== PROVIDED MATERIAL ==

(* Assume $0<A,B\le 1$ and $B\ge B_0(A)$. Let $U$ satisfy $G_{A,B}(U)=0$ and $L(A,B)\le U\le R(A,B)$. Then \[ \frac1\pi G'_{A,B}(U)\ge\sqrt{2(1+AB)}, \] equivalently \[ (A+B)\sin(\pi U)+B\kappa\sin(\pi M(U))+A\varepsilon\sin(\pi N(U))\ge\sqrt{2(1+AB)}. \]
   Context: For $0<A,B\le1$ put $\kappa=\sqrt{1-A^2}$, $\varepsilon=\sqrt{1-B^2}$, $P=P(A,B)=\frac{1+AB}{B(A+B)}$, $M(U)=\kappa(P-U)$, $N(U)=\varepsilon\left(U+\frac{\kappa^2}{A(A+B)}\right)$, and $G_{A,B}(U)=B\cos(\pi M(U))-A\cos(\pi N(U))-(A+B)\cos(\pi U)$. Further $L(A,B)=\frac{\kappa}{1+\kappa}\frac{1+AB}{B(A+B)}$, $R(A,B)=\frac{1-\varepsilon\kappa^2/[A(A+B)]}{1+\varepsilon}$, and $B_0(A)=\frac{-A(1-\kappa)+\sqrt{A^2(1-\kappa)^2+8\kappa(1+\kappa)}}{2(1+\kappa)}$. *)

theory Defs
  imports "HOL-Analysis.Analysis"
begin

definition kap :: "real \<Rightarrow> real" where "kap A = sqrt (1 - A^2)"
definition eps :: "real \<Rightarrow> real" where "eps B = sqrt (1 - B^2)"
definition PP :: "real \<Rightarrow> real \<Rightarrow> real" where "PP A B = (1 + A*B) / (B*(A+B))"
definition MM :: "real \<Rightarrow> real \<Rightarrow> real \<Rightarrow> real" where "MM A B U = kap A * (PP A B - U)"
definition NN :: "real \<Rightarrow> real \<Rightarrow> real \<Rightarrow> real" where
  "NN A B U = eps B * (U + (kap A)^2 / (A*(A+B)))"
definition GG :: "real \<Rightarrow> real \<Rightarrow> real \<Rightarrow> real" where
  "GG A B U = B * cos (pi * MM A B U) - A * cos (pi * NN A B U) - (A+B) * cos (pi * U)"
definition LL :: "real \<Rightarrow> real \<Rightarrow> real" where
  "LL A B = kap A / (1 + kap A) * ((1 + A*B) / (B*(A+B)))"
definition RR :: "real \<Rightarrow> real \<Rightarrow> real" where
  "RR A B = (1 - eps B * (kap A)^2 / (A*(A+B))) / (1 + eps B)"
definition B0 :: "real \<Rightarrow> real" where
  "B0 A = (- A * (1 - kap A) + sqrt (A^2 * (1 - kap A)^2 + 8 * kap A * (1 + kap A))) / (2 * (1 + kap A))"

===

Return each line of the data exactly as it was given.

EXERCISE SOLUTION.
(* Assume $0<A,B\le 1$ and $B\ge B_0(A)$. Let $U$ satisfy $G_{A,B}(U)=0$ and $L(A,B)\le U\le R(A,B)$. Then \[ \frac1\pi G'_{A,B}(U)\ge\sqrt{2(1+AB)}, \] equivalently \[ (A+B)\sin(\pi U)+B\kappa\sin(\pi M(U))+A\varepsilon\sin(\pi N(U))\ge\sqrt{2(1+AB)}. \]
   Context: For $0<A,B\le1$ put $\kappa=\sqrt{1-A^2}$, $\varepsilon=\sqrt{1-B^2}$, $P=P(A,B)=\frac{1+AB}{B(A+B)}$, $M(U)=\kappa(P-U)$, $N(U)=\varepsilon\left(U+\frac{\kappa^2}{A(A+B)}\right)$, and $G_{A,B}(U)=B\cos(\pi M(U))-A\cos(\pi N(U))-(A+B)\cos(\pi U)$. Further $L(A,B)=\frac{\kappa}{1+\kappa}\frac{1+AB}{B(A+B)}$, $R(A,B)=\frac{1-\varepsilon\kappa^2/[A(A+B)]}{1+\varepsilon}$, and $B_0(A)=\frac{-A(1-\kappa)+\sqrt{A^2(1-\kappa)^2+8\kappa(1+\kappa)}}{2(1+\kappa)}$. *)

theory Defs
  imports "HOL-Analysis.Analysis"
begin

definition kap :: "real \<Rightarrow> real" where "kap A = sqrt (1 - A^2)"
definition eps :: "real \<Rightarrow> real" where "eps B = sqrt (1 - B^2)"
definition PP :: "real \<Rightarrow> real \<Rightarrow> real" where "PP A B = (1 + A*B) / (B*(A+B))"
definition MM :: "real \<Rightarrow> real \<Rightarrow> real \<Rightarrow> real" where "MM A B U = kap A * (PP A B - U)"
definition NN :: "real \<Rightarrow> real \<Rightarrow> real \<Rightarrow> real" where
  "NN A B U = eps B * (U + (kap A)^2 / (A*(A+B)))"
definition GG :: "real \<Rightarrow> real \<Rightarrow> real \<Rightarrow> real" where
  "GG A B U = B * cos (pi * MM A B U) - A * cos (pi * NN A B U) - (A+B) * cos (pi * U)"
definition LL :: "real \<Rightarrow> real \<Rightarrow> real" where
  "LL A B = kap A / (1 + kap A) * ((1 + A*B) / (B*(A+B)))"
definition RR :: "real \<Rightarrow> real \<Rightarrow> real" where
  "RR A B = (1 - eps B * (kap A)^2 / (A*(A+B))) / (1 + eps B)"
definition B0 :: "real \<Rightarrow> real" where
  "B0 A = (- A * (1 - kap A) + sqrt (A^2 * (1 - kap A)^2 + 8 * kap A * (1 + kap A))) / (2 * (1 + kap A))"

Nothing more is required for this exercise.